[Saved entries]
=====

(* Let $n\ge1$, $\lambda>0$, $\alpha>0$, and $\mu_1,\dots,\mu_n,\mu^*_1,\dots,\mu^*_n\in\mathbb{R}$. Let $X_1,\dots,X_n$ be independent with $X_i\sim\mathrm{Fr\acute{e}}(\mu_i,\lambda,\alpha)$ and $X^*_1,\dots,X^*_n$ be independent with $X^*_i\sim\mathrm{Fr\acute{e}}(\mu^*_i,\lambda,\alpha)$. If $\sum_{i=j}^{n}\mu^*_{(i)}\le\sum_{i=j}^{n}\mu_{(i)}$ for all $j=1,\dots,n$, then $X_{n:n}\ge_{\rm rh}X^*_{n:n}$.
   Context: $X\sim \mathrm{Fr\acute{e}}(\mu,\lambda,\alpha)$ means $X$ has distribution function $\exp\{-((x-\mu)/\lambda)^{-\alpha}\}$ for $x>\mu$. $X_{n:n}=\max(X_1,\dots,X_n)$. For a vector $\boldsymbol{x}$, $x_{(1)}\le\dots\le x_{(n)}$ are its components in increasing order. For random variables $X,Y$ with distribution functions $F,G$ and densities, $X\le_{\rm rh}Y$ means $F'(x)/F(x)\le G'(x)/G(x)$ for all $x$ (reversed hazard rate order). *)

theory Defs
  imports "HOL-Probability.Probability"
begin

definition frechet_cdf :: "real \<Rightarrow> real \<Rightarrow> real \<Rightarrow> real \<Rightarrow> real" where
  "frechet_cdf mu lam alpha x =
     (if x > mu then exp (- (((x - mu) / lam) powr (- alpha))) else 0)"

definition rh_le :: "(real \<Rightarrow> real) \<Rightarrow> (real \<Rightarrow> real) \<Rightarrow> bool" where
  "rh_le F G \<longleftrightarrow> (\<forall>x. 0 < F x \<and> 0 < G x \<longrightarrow> deriv F x / F x \<le> deriv G x / G x)"

text \<open>i-th smallest (0-based) of the values mu 0, ..., mu (n-1).\<close>
definition ord_stat :: "(nat \<Rightarrow> real) \<Rightarrow> nat \<Rightarrow> nat \<Rightarrow> real" where
  "ord_stat mu n i = sort (map mu [0..<n]) ! i"

definition sample_max :: "(nat \<Rightarrow> 'a \<Rightarrow> real) \<Rightarrow> nat \<Rightarrow> 'a \<Rightarrow> real" where
  "sample_max X n \<omega> = Max ((\<lambda>i. X i \<omega>) ` {0..<n})"

end

theory Submission
  imports Defs
begin

text \<open>The distribution function of the maximum of independent variables is the product of
  their distribution functions, so the reversed hazard rate of \<open>X\<^sub>n\<^sub>:\<^sub>n\<close> at \<open>x\<close> is
  \<open>\<Sum>\<^sub>i r(\<mu>\<^sub>i)\<close> with \<open>r(\<mu>) = \<alpha>/\<lambda> ((x - \<mu>)/\<lambda>)\<^sup>-\<^sup>\<alpha>\<^sup>-\<^sup>1\<close>. As a function of the
  location \<open>\<mu> < x\<close>, \<open>r\<close> is increasing and convex, and the hypothesis says that \<open>\<mu>\<^sup>*\<close> is
  weakly submajorized by \<open>\<mu>\<close>. The Tomi\'c--Weyl inequality, obtained from the tangent line
  bound \<open>r(a) - r(b) \<ge> r'(b) (a - b)\<close> at the sorted values and Abel summation, then gives
  \<open>\<Sum>\<^sub>i r(\<mu>\<^sup>*\<^sub>i) \<le> \<Sum>\<^sub>i r(\<mu>\<^sub>i)\<close>.\<close>

text \<open>Reversed hazard rate of \<open>Fr\'e(\<mu>, \<lambda>, \<alpha>)\<close> at \<open>x\<close>; meaningful only for \<open>\<mu> < x\<close>.\<close>
definition frechet_rhr :: "real \<Rightarrow> real \<Rightarrow> real \<Rightarrow> real \<Rightarrow> real" where
  "frechet_rhr mu lam alpha x = alpha / lam * ((x - mu) / lam) powr (- alpha - 1)"

lemma frechet_cdf_pos_iff: "0 < frechet_cdf mu lam alpha x \<longleftrightarrow> mu < x"
  by (simp add: frechet_cdf_def)

lemma prod_frechet_cdf_pos_iff:
  assumes "finite I"
  shows "0 < (\<Prod>i\<in>I. frechet_cdf (m i) lam alpha x) \<longleftrightarrow> (\<forall>i\<in>I. m i < x)"
proof
  assume pos: "0 < (\<Prod>i\<in>I. frechet_cdf (m i) lam alpha x)"
  show "\<forall>i\<in>I. m i < x"
  proof (rule ccontr)
    assume "\<not> (\<forall>i\<in>I. m i < x)"
    then obtain i where "i \<in> I" "frechet_cdf (m i) lam alpha x = 0"
      by (auto simp: frechet_cdf_def)
    with pos prod_zero[OF assms] show False by fastforce
  qed
qed (simp add: prod_pos frechet_cdf_pos_iff)

lemma frechet_cdf_has_real_derivative:
  assumes "lam > 0" "mu < x"
  shows "(frechet_cdf mu lam alpha has_real_derivative
           frechet_cdf mu lam alpha x * frechet_rhr mu lam alpha x) (at x)"
proof -
  have "((\<lambda>y. exp (- (((y - mu) / lam) powr (- alpha)))) has_real_derivative
           frechet_cdf mu lam alpha x * frechet_rhr mu lam alpha x) (at x)"
    using assms by (auto intro!: derivative_eq_intros simp: frechet_cdf_def frechet_rhr_def)
  then show ?thesis
    by (rule has_field_derivative_transform_within_open[where S = "{mu<..}"])
       (use assms in \<open>auto simp: frechet_cdf_def\<close>)
qed

lemma rhr_prod_frechet_cdf:
  assumes "finite I" "lam > 0" "\<And>i. i \<in> I \<Longrightarrow> m i < x"
  shows "deriv (\<lambda>y. \<Prod>i\<in>I. frechet_cdf (m i) lam alpha y) x
           / (\<Prod>i\<in>I. frechet_cdf (m i) lam alpha x)
         = (\<Sum>i\<in>I. frechet_rhr (m i) lam alpha x)"
proof -
  have nz: "frechet_cdf (m i) lam alpha x \<noteq> 0" if "i \<in> I" for i
    using assms(3)[OF that] by (simp add: frechet_cdf_def)
  have "((\<lambda>y. \<Prod>i\<in>I. frechet_cdf (m i) lam alpha y) has_real_derivative
          (\<Prod>i\<in>I. frechet_cdf (m i) lam alpha x)
          * (\<Sum>i\<in>I. frechet_cdf (m i) lam alpha x * frechet_rhr (m i) lam alpha x
                      / frechet_cdf (m i) lam alpha x)) (at x)"
    by (rule has_field_derivative_prod'[of I "\<lambda>i. frechet_cdf (m i) lam alpha"])
       (use nz assms in \<open>auto intro: frechet_cdf_has_real_derivative\<close>)
  then show ?thesis
    using nz assms(1) by (simp add: DERIV_imp_deriv)
qed

lemma frechet_rhr_has_real_derivative_location:
  assumes "lam > 0" "mu < x"
  shows "((\<lambda>m. frechet_rhr m lam alpha x) has_real_derivative
           alpha * (alpha + 1) / lam\<^sup>2 * ((x - mu) / lam) powr (- alpha - 2)) (at mu)"
proof -
  have exponent: "- 2 - alpha = - alpha - (2::real)" by simp
  show ?thesis
    using assms
    by (auto intro!: derivative_eq_intros simp: frechet_rhr_def)
       (simp add: power2_eq_square field_simps exponent)
qed

lemma sum_mult_nonneg_if_tail_sums_nonneg:
  fixes d D :: "nat \<Rightarrow> 'a :: linordered_idom"
  assumes mono: "\<And>i. Suc i < n \<Longrightarrow> d i \<le> d (Suc i)"
    and nonneg: "\<And>i. i < n \<Longrightarrow> 0 \<le> d i"
    and tails: "\<And>j. j < n \<Longrightarrow> 0 \<le> (\<Sum>i=j..<n. D i)"
  shows "0 \<le> (\<Sum>i=0..<n. d i * D i)"
proof (cases n)
  case (Suc l)
  have abel: "d j * (\<Sum>i=j..<n. D i) \<le> (\<Sum>i=j..<n. d i * D i)" if "j \<le> l" for j
    using that
  proof (induction j rule: inc_induct)
    case base
    then show ?case using Suc by simp
  next
    case (step k)
    then have "k < n" "Suc k < n" using Suc by auto
    have "d k * (\<Sum>i=Suc k..<n. D i) \<le> d (Suc k) * (\<Sum>i=Suc k..<n. D i)"
      by (rule mult_right_mono[OF mono tails]) fact+
    also have "\<dots> \<le> (\<Sum>i=Suc k..<n. d i * D i)"
      by (fact step.IH)
    finally show ?case
      using \<open>k < n\<close> by (simp add: sum.atLeast_Suc_lessThan distrib_left)
  qed
  have "0 \<le> d 0 * (\<Sum>i=0..<n. D i)" using nonneg tails Suc by simp
  also have "\<dots> \<le> (\<Sum>i=0..<n. d i * D i)" using abel by simp
  finally show ?thesis .
qed simp

lemma ord_stat_in_image: "i < n \<Longrightarrow> ord_stat m n i \<in> m ` {0..<n}"
  unfolding ord_stat_def by (metis diff_zero length_map length_sort length_upt nth_mem
      set_map set_sort set_upt)

lemma ord_stat_mono: "i \<le> j \<Longrightarrow> j < n \<Longrightarrow> ord_stat m n i \<le> ord_stat m n j"
  unfolding ord_stat_def by (rule sorted_nth_mono) auto

lemma sum_ord_stat: "(\<Sum>i=0..<n. f (ord_stat m n i)) = (\<Sum>i=0..<n. f (m i))"
proof -
  have "(\<Sum>i=0..<n. f (ord_stat m n i)) = sum_list (map f (sort (map m [0..<n])))"
    by (simp add: ord_stat_def sum_list_sum_nth atLeast0LessThan)
  also have "\<dots> = sum_list (map f (map m [0..<n]))"
    by (metis mset_map mset_sort sum_mset_sum_list)
  also have "\<dots> = (\<Sum>i=0..<n. f (m i))"
    by (simp add: sum_list_sum_nth atLeast0LessThan)
  finally show ?thesis .
qed

lemma sum_le_sum_weak_submajorization:
  fixes f f' :: "real \<Rightarrow> real" and a b :: "nat \<Rightarrow> real"
  assumes "open S" "connected S"
    and deriv: "\<And>m. m \<in> S \<Longrightarrow> (f has_real_derivative f' m) (at m)"
    and f'_mono: "\<And>m m'. m \<in> S \<Longrightarrow> m' \<in> S \<Longrightarrow> m \<le> m' \<Longrightarrow> f' m \<le> f' m'"
    and f'_nonneg: "\<And>m. m \<in> S \<Longrightarrow> 0 \<le> f' m"
    and a: "\<And>i. i < n \<Longrightarrow> a i \<in> S" and b: "\<And>i. i < n \<Longrightarrow> b i \<in> S"
    and tails: "\<And>j. j < n \<Longrightarrow> (\<Sum>i=j..<n. ord_stat b n i) \<le> (\<Sum>i=j..<n. ord_stat a n i)"
  shows "(\<Sum>i=0..<n. f (b i)) \<le> (\<Sum>i=0..<n. f (a i))"
proof -
  have "convex_on S f"
    by (rule convex_on_realI[OF \<open>connected S\<close> deriv f'_mono])
  then have tangent: "f' v * (u - v) \<le> f u - f v" if "u \<in> S" "v \<in> S" for u v
    using convex_on_imp_above_tangent[OF _ \<open>connected S\<close>] that deriv \<open>open S\<close>
    by (simp add: interior_open has_field_derivative_at_within)
  define A B where "A = ord_stat a n" and "B = ord_stat b n"
  have A: "A i \<in> S" and B: "B i \<in> S" if "i < n" for i
    using ord_stat_in_image[OF that, of a] ord_stat_in_image[OF that, of b] a b
    by (auto simp: A_def B_def)
  have "0 \<le> (\<Sum>i=0..<n. f' (B i) * (A i - B i))"
  proof (rule sum_mult_nonneg_if_tail_sums_nonneg)
    show "f' (B i) \<le> f' (B (Suc i))" if "Suc i < n" for i
      using that B by (intro f'_mono) (auto simp: B_def intro: ord_stat_mono)
    show "0 \<le> (\<Sum>i=j..<n. A i - B i)" if "j < n" for j
      using tails[OF that] by (simp add: A_def B_def sum_subtractf)
  qed (use B f'_nonneg in auto)
  also have "\<dots> \<le> (\<Sum>i=0..<n. f (A i) - f (B i))"
    by (rule sum_mono) (use A B tangent in auto)
  also have "\<dots> = (\<Sum>i=0..<n. f (a i)) - (\<Sum>i=0..<n. f (b i))"
    by (simp add: sum_subtractf A_def B_def sum_ord_stat)
  finally show ?thesis by simp
qed

lemma sum_frechet_rhr_le:
  assumes "lam > 0" "alpha > 0"
    and "\<And>i. i < n \<Longrightarrow> mu i < x" "\<And>i. i < n \<Longrightarrow> mus i < x"
    and "\<And>j. j < n \<Longrightarrow> (\<Sum>i=j..<n. ord_stat mus n i) \<le> (\<Sum>i=j..<n. ord_stat mu n i)"
  shows "(\<Sum>i=0..<n. frechet_rhr (mus i) lam alpha x) \<le> (\<Sum>i=0..<n. frechet_rhr (mu i) lam alpha x)"
proof (rule sum_le_sum_weak_submajorization[where S = "{..<x}" and f = "\<lambda>m. frechet_rhr m lam alpha x"])
  show "((\<lambda>m. frechet_rhr m lam alpha x) has_real_derivative
          alpha * (alpha + 1) / lam\<^sup>2 * ((x - m) / lam) powr (- alpha - 2)) (at m)"
    if "m \<in> {..<x}" for m
    using that assms by (intro frechet_rhr_has_real_derivative_location) auto
  show "alpha * (alpha + 1) / lam\<^sup>2 * ((x - m) / lam) powr (- alpha - 2)
          \<le> alpha * (alpha + 1) / lam\<^sup>2 * ((x - m') / lam) powr (- alpha - 2)"
    if "m \<in> {..<x}" "m' \<in> {..<x}" "m \<le> m'" for m m'
    using that assms by (intro mult_left_mono powr_mono2') (auto simp: divide_right_mono)
qed (use assms in auto)

lemma cdf_sample_max_indep:
  fixes M :: "'a measure" and Y :: "nat \<Rightarrow> 'a \<Rightarrow> real"
  assumes "prob_space M" "n \<ge> 1"
    and meas: "\<And>i. i < n \<Longrightarrow> Y i \<in> borel_measurable M"
    and indep: "prob_space.indep_vars M (\<lambda>_. borel) Y {0..<n}"
  shows "cdf (distr M borel (sample_max Y n)) x = (\<Prod>i\<in>{0..<n}. cdf (distr M borel (Y i)) x)"
proof -
  interpret prob_space M by fact
  have max_meas: "sample_max Y n \<in> borel_measurable M"
    unfolding sample_max_def by (rule borel_measurable_Max) (auto simp: meas)
  have "{0..<n} \<noteq> {}" using \<open>n \<ge> 1\<close> by auto
  then have events: "sample_max Y n -` {..x} \<inter> space M = (\<Inter>i\<in>{0..<n}. Y i -` {..x} \<inter> space M)"
    by (auto simp: sample_max_def)
  have "cdf (distr M borel (sample_max Y n)) x = prob (\<Inter>i\<in>{0..<n}. Y i -` {..x} \<inter> space M)"
    by (simp add: cdf_def2 measure_distr[OF max_meas] events)
  also have "\<dots> = (\<Prod>i\<in>{0..<n}. prob (Y i -` {..x} \<inter> space M))"
    using indep \<open>{0..<n} \<noteq> {}\<close> by (intro indep_varsD) auto
  also have "\<dots> = (\<Prod>i\<in>{0..<n}. cdf (distr M borel (Y i)) x)"
    by (intro prod.cong) (simp_all add: cdf_def2 measure_distr meas)
  finally show ?thesis .
qed

theorem mainTheorem2:
  fixes M :: "'a measure" and X Xs :: "nat \<Rightarrow> 'a \<Rightarrow> real"
    and mu mus :: "nat \<Rightarrow> real" and lam alpha :: real and n :: nat
  assumes "prob_space M"
    and "n \<ge> 1" and "lam > 0" and "alpha > 0"
    and "\<And>i. i < n \<Longrightarrow> X i \<in> borel_measurable M"
    and "\<And>i. i < n \<Longrightarrow> Xs i \<in> borel_measurable M"
    and "prob_space.indep_vars M (\<lambda>_. borel) X {0..<n}"
    and "prob_space.indep_vars M (\<lambda>_. borel) Xs {0..<n}"
    and "\<And>i. i < n \<Longrightarrow> cdf (distr M borel (X i)) = frechet_cdf (mu i) lam alpha"
    and "\<And>i. i < n \<Longrightarrow> cdf (distr M borel (Xs i)) = frechet_cdf (mus i) lam alpha"
    and "\<And>j. j < n \<Longrightarrow> (\<Sum>i=j..<n. ord_stat mus n i) \<le> (\<Sum>i=j..<n. ord_stat mu n i)"
  shows "rh_le (cdf (distr M borel (sample_max Xs n))) (cdf (distr M borel (sample_max X n)))"
proof -
  have FX: "cdf (distr M borel (sample_max X n)) = (\<lambda>x. \<Prod>i\<in>{0..<n}. frechet_cdf (mu i) lam alpha x)"
    using cdf_sample_max_indep[OF assms(1,2,5,7)] assms(9) by auto
  have FXs: "cdf (distr M borel (sample_max Xs n)) = (\<lambda>x. \<Prod>i\<in>{0..<n}. frechet_cdf (mus i) lam alpha x)"
    using cdf_sample_max_indep[OF assms(1,2,6,8)] assms(10) by auto
  show ?thesis
    unfolding rh_le_def FX FXs
  proof (intro allI impI, elim conjE)
    fix x
    assume "0 < (\<Prod>i\<in>{0..<n}. frechet_cdf (mus i) lam alpha x)"
      and "0 < (\<Prod>i\<in>{0..<n}. frechet_cdf (mu i) lam alpha x)"
    then have mus_lt: "\<And>i. i \<in> {0..<n} \<Longrightarrow> mus i < x"
      and mu_lt: "\<And>i. i \<in> {0..<n} \<Longrightarrow> mu i < x"
      by (simp_all add: prod_frechet_cdf_pos_iff)
    have "(\<Sum>i=0..<n. frechet_rhr (mus i) lam alpha x) \<le> (\<Sum>i=0..<n. frechet_rhr (mu i) lam alpha x)"
      using mus_lt mu_lt by (intro sum_frechet_rhr_le assms(3,4,11)) auto
    then show "deriv (\<lambda>y. \<Prod>i\<in>{0..<n}. frechet_cdf (mus i) lam alpha y) x
                       / (\<Prod>i\<in>{0..<n}. frechet_cdf (mus i) lam alpha x)
                     \<le> deriv (\<lambda>y. \<Prod>i\<in>{0..<n}. frechet_cdf (mu i) lam alpha y) x
                       / (\<Prod>i\<in>{0..<n}. frechet_cdf (mu i) lam alpha x)"
      using rhr_prod_frechet_cdf[where I = "{0..<n}" and m = mus, OF _ assms(3) mus_lt]
        rhr_prod_frechet_cdf[where I = "{0..<n}" and m = mu, OF _ assms(3) mu_lt] by simp
  qed
qed

end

=====

### WORK TO BE COMPLETED
The required output is the entries from their opening line through the line holding "F G \<longleftrightarrow>", repeated exactly, with both end lines kept.

### TASK SOLUTION
(* Let $n\ge1$, $\lambda>0$, $\alpha>0$, and $\mu_1,\dots,\mu_n,\mu^*_1,\dots,\mu^*_n\in\mathbb{R}$. Let $X_1,\dots,X_n$ be independent with $X_i\sim\mathrm{Fr\acute{e}}(\mu_i,\lambda,\alpha)$ and $X^*_1,\dots,X^*_n$ be independent with $X^*_i\sim\mathrm{Fr\acute{e}}(\mu^*_i,\lambda,\alpha)$. If $\sum_{i=j}^{n}\mu^*_{(i)}\le\sum_{i=j}^{n}\mu_{(i)}$ for all $j=1,\dots,n$, then $X_{n:n}\ge_{\rm rh}X^*_{n:n}$.
   Context: $X\sim \mathrm{Fr\acute{e}}(\mu,\lambda,\alpha)$ means $X$ has distribution function $\exp\{-((x-\mu)/\lambda)^{-\alpha}\}$ for $x>\mu$. $X_{n:n}=\max(X_1,\dots,X_n)$. For a vector $\boldsymbol{x}$, $x_{(1)}\le\dots\le x_{(n)}$ are its components in increasing order. For random variables $X,Y$ with distribution functions $F,G$ and densities, $X\le_{\rm rh}Y$ means $F'(x)/F(x)\le G'(x)/G(x)$ for all $x$ (reversed hazard rate order). *)

theory Defs
  imports "HOL-Probability.Probability"
begin

definition frechet_cdf :: "real \<Rightarrow> real \<Rightarrow> real \<Rightarrow> real \<Rightarrow> real" where
  "frechet_cdf mu lam alpha x =
     (if x > mu then exp (- (((x - mu) / lam) powr (- alpha))) else 0)"

definition rh_le :: "(real \<Rightarrow> real) \<Rightarrow> (real \<Rightarrow> real) \<Rightarrow> bool" where
  "rh_le F G \<longleftrightarrow> (\<forall>x. 0 < F x \<and> 0 < G x \<longrightarrow> deriv F x / F x \<le> deriv G x / G x)"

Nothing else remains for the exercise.